(Stored data)
▶

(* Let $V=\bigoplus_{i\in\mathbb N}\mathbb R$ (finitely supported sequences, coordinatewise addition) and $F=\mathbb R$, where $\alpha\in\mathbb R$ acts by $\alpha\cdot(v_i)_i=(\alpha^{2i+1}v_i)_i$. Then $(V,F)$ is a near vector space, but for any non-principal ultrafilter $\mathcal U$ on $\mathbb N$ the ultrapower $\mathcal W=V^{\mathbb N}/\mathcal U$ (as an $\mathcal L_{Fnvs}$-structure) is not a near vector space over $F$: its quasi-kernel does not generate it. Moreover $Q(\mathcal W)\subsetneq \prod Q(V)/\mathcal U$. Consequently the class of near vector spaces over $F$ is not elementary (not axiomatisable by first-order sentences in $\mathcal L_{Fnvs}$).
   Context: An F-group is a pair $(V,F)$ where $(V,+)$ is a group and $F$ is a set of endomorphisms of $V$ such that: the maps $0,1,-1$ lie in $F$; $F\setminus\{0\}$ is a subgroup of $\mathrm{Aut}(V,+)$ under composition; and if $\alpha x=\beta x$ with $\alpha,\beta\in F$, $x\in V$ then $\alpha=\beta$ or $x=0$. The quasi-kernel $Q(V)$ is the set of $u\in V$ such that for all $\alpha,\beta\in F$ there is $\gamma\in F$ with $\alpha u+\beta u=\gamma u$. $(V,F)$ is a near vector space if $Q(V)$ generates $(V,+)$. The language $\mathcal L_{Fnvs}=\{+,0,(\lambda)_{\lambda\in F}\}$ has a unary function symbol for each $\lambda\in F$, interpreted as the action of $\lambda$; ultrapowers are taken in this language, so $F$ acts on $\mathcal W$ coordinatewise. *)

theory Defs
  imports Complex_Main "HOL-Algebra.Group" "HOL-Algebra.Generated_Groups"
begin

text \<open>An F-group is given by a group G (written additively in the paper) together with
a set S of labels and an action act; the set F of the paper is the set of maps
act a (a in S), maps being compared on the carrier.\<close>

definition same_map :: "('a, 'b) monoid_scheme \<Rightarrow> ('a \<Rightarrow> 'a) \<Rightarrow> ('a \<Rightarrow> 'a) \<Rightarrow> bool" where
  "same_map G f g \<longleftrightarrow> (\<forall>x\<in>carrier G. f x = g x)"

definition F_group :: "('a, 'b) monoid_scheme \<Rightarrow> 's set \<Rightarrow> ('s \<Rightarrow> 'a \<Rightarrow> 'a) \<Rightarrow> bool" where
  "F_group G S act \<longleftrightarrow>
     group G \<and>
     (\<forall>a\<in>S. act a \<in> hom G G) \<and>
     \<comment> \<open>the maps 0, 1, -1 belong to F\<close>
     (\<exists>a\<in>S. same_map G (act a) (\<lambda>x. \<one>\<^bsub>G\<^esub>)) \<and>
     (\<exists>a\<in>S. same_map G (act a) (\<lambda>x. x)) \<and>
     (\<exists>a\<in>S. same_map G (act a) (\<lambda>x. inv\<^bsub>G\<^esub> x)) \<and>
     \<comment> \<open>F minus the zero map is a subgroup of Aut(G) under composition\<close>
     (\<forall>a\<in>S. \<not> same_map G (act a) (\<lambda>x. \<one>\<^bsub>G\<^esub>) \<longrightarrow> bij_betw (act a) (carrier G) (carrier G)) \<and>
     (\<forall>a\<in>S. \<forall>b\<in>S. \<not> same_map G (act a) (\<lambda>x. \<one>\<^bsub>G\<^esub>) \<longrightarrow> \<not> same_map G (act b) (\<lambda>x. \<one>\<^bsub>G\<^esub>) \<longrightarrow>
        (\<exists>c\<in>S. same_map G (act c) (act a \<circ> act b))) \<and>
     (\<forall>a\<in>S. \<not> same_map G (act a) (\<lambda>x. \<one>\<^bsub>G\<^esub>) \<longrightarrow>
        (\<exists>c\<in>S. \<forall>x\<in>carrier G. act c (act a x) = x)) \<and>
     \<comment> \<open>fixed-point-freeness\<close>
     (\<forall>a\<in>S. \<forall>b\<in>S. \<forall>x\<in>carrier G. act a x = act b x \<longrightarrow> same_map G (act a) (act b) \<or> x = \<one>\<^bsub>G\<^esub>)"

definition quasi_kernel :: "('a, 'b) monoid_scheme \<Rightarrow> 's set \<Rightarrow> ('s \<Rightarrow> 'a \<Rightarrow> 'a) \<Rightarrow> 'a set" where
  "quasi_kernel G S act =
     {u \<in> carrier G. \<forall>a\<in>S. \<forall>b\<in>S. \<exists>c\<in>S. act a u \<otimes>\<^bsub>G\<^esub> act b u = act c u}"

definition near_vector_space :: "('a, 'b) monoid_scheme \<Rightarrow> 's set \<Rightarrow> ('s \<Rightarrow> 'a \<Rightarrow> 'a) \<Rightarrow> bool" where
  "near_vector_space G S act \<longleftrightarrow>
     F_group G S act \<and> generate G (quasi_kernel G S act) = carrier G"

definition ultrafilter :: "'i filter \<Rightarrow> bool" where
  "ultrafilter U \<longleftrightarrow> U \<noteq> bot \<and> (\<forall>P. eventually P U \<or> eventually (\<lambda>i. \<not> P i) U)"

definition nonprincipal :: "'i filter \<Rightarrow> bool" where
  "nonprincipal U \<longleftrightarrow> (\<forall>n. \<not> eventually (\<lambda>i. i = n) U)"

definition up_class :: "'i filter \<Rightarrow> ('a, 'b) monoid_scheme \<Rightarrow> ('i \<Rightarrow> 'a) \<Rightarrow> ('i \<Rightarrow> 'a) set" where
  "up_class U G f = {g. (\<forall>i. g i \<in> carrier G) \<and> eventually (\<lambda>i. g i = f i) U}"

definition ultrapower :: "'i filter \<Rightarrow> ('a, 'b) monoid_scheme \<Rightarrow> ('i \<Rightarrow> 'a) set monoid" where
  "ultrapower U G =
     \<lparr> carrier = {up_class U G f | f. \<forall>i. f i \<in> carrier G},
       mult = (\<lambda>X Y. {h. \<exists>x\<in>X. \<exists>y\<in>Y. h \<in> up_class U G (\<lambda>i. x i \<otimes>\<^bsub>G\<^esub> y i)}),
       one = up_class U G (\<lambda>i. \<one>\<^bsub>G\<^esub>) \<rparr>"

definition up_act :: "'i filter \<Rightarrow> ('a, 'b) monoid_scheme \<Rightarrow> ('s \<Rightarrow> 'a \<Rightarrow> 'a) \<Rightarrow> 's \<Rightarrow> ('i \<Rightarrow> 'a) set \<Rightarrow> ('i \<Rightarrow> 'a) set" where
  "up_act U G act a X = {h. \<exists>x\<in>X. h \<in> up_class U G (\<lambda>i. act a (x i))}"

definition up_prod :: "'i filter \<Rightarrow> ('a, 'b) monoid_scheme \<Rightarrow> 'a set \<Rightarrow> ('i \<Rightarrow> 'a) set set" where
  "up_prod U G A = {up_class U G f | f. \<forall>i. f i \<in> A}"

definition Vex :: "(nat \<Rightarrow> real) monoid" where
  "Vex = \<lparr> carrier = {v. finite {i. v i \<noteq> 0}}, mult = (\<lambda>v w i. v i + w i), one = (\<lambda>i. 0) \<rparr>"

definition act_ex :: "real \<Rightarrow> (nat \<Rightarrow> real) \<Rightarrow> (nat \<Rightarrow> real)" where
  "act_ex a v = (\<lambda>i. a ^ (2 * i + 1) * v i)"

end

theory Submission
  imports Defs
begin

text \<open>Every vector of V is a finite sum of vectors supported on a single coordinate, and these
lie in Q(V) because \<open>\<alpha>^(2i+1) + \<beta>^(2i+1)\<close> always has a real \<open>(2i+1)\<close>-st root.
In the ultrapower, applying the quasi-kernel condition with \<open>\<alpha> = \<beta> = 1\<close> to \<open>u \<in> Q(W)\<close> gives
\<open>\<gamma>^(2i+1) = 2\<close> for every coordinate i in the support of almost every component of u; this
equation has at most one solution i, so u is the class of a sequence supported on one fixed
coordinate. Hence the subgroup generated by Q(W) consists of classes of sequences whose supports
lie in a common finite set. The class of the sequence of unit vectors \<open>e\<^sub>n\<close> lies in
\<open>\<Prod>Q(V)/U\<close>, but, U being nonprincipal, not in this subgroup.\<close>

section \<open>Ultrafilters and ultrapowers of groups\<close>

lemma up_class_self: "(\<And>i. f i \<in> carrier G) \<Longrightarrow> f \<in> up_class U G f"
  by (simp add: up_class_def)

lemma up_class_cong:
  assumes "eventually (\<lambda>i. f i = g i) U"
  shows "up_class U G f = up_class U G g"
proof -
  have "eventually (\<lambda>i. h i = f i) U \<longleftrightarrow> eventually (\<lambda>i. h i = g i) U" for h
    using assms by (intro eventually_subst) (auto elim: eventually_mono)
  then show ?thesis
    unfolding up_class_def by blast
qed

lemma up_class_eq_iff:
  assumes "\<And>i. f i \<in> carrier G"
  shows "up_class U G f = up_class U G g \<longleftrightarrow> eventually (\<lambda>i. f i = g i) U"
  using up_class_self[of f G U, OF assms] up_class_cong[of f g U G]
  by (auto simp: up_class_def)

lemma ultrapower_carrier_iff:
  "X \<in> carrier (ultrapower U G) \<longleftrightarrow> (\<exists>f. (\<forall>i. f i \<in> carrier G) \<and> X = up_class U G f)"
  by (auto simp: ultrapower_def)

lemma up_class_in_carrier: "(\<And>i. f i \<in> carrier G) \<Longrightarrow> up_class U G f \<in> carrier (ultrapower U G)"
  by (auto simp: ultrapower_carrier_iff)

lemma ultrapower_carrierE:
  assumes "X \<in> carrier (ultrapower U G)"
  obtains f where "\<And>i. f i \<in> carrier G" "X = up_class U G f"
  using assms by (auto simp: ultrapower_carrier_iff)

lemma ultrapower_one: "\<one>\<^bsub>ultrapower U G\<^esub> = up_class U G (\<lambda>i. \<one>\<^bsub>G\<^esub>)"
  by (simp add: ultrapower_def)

◀

=== EXERCISE DETAILS ===
In the data above, find each line that has the word "shows" and copy it out.

=== TASK ANSWER ===
  shows "up_class U G f = up_class U G g"
  shows "up_class U G f = up_class U G g \<longleftrightarrow> eventually (\<lambda>i. f i = g i) U"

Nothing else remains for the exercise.